In light of the foregoing, employers should consider prohibiting discrimination and harassment based on sexual orientation regardless of where they are located.  Companies that have already adopted policies prohibiting sexual orientation discrimination should ensure staff and management are properly trained on the policies to be best equipped to defend potential charges and/or lawsuits.  As always, employers should consult with their labor and employment counsel when considering implementing such policies.


[1] 42 U.S.C. § 2000e-2(a).

[2] Hively v. Ivy Tech Community College, 2016 WL 4039703, at *2 (7th Cir. July 28, 2016) (listing appellate decisions holding Title VII does not redress sexual orientation discrimination).

[3] See

[4] See, e.g., EEOC v. Pallet cos., No. 16-cv-00595, consent decree (D. Md. June 23, 2016); EEOC v. Scott Medical Health Cent., P.C. , 16-cv-00225 (W.D. Pa. filed Mar. 1, 2016); see also Evans v. Ga. Regional Hosp., No. 15-15234 (11th Cir. amicus brief filed Jan. 11, 2016); Burrows v. The College of Cent. Fla., No. 15-14554 (11th Cir. amicus brief filed Jan. 6, 2016); Muhammed v. Caterpillar Inc., No. 12-173 (7th Cir. amicus brief filed Oct. 9, 2014); Baldwin v. Foxx, EEOC Appeal No. 0120133080, 2015 WL 4397641 (July 16, 2015).
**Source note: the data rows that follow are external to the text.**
(* Let $r\geqslant 3$ be an odd integer and let $\Gamma\cong\mathbb{Z}_{4r}\oplus\mathbb{Z}_4$. Then there exists an $\mathrm{MRS}_\Gamma(r,8;2)$ in which every row sum and every column sum equals $0_\Gamma$.
   Context: For an abelian group $\Gamma$ of order $abc$, an $\mathrm{MRS}_\Gamma(a,b;c)$ is a collection of $c$ arrays of size $a\times b$ whose entries are the elements of $\Gamma$, each appearing exactly once and in a unique array, such that there are $\omega,\delta\in\Gamma$ with every row sum (in every array) equal to $\omega$ and every column sum (in every array) equal to $\delta$. *)

theory Defs
  imports "HOL-Algebra.Algebra"
begin

text \<open>An abelian group is written multiplicatively in HOL-Algebra, so the group
  operation plays the role of the sum and the unit plays the role of 0.
  An MRS_G(a,b;c) is a family of c arrays of size a x b, encoded as
  A k i j (array k < c, row i < a, column j < b), whose entries run bijectively
  over the elements of G, with all row sums equal to w and all column sums equal to d.\<close>

definition is_MRS ::
  "('g, 'm) monoid_scheme \<Rightarrow> nat \<Rightarrow> nat \<Rightarrow> nat \<Rightarrow> (nat \<Rightarrow> nat \<Rightarrow> nat \<Rightarrow> 'g) \<Rightarrow> 'g \<Rightarrow> 'g \<Rightarrow> bool"
where
  "is_MRS G a b c A w d \<longleftrightarrow>
     finite (carrier G) \<and> card (carrier G) = a * b * c \<and>
     bij_betw (\<lambda>(k, i, j). A k i j) ({..<c} \<times> {..<a} \<times> {..<b}) (carrier G) \<and>
     w \<in> carrier G \<and> d \<in> carrier G \<and>
     (\<forall>k<c. \<forall>i<a. finprod G (\<lambda>j. A k i j) {..<b} = w) \<and>
     (\<forall>k<c. \<forall>j<b. finprod G (\<lambda>i. A k i j) {..<a} = d)"

end

theory Submission
  imports Defs "HOL-Library.Product_Plus"
begin
lemma trace_proj_mult: "trace (P ** B) = (\<Sum>k<m. cinner (e k) (B *v e k))"
proof -
  have Pij: "P $ i $ j = (\<Sum>k<m. cnj (e k $ j) * e k $ i)" for i j
  proof -
    have "P $ i $ j = (\<Sum>k<m. cinner (e k) (axis j 1) * e k $ i)"
      unfolding matrix_vector_mult_axis[symmetric] proj_expansion by (simp add: sum_component)
    then show ?thesis by (simp add: cinner_def axis_def if_distrib sum.delta cong: if_cong)
  qed
  have "trace (P ** B) = (\<Sum>i\<in>UNIV. \<Sum>j\<in>UNIV. \<Sum>k<m. cnj (e k $ j) * e k $ i * B$j$i)"
    by (simp add: trace_def matrix_matrix_mult_def Pij sum_distrib_right)
  also have "\<dots> = (\<Sum>k<m. \<Sum>j\<in>UNIV. \<Sum>i\<in>UNIV. cnj (e k $ j) * e k $ i * B$j$i)"
    by (subst sum.swap, subst (2) sum.swap, subst sum.swap, rule refl)
  also have "\<dots> = (\<Sum>k<m. cinner (e k) (B *v e k))"
    by (simp add: cinner_def matrix_vector_mult_def sum_distrib_left mult_ac)
  finally show ?thesis .
qed

lemma cinner_basis_sums:
  "cinner (\<Sum>k<m. a k *s e k) (\<Sum>k<m. b k *s e k) = (\<Sum>k<m. cnj (a k) * b k)"
proof -
  have "cinner (\<Sum>k<m. a k *s e k) (\<Sum>l<m. b l *s e l) =
          (\<Sum>k<m. cnj (a k) * cinner (e k) (\<Sum>l<m. b l *s e l))"
    by (simp add: cinner_sum_left cinner_scale_left)
  also have "\<dots> = (\<Sum>k<m. cnj (a k) * b k)"
    by (intro sum.cong refl) (simp add: cinner_orthonormal_expansion[OF orthonormal])
  finally show ?thesis .
qed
[5] Hively v. Ivy Tech Community College, 2016 WL 4039703 (7th Cir. July 28, 2016).  Two other appellate courts are also considering the EEOC’s Title VII interpretation.  See Christiansen v. Omnicom Group Inc., No. 16-748 (2d Cir filed Mar. 9, 2016); Evans v. Ga. Regional Hosp., No. 15-15234 (11th Cir. amicus brief filed Jan. 11, 2016).

[6] Id. at *14.

[7] Id. at *3.

[8] Julie Furer Stahr, Seventh Circuit: Title VII Offers No Protection Against Sexual Orientation Discrimination, The National Law Review (Aug. 2, 2016) (available at: (last accessed Aug. 4, 2016).

[9] Kevin McGowan, Title VII Doesn’t Cover Sex Orientation, 7th Cir. Rules, Bloomberg BNA Daily Labor Report (July 29, 2016).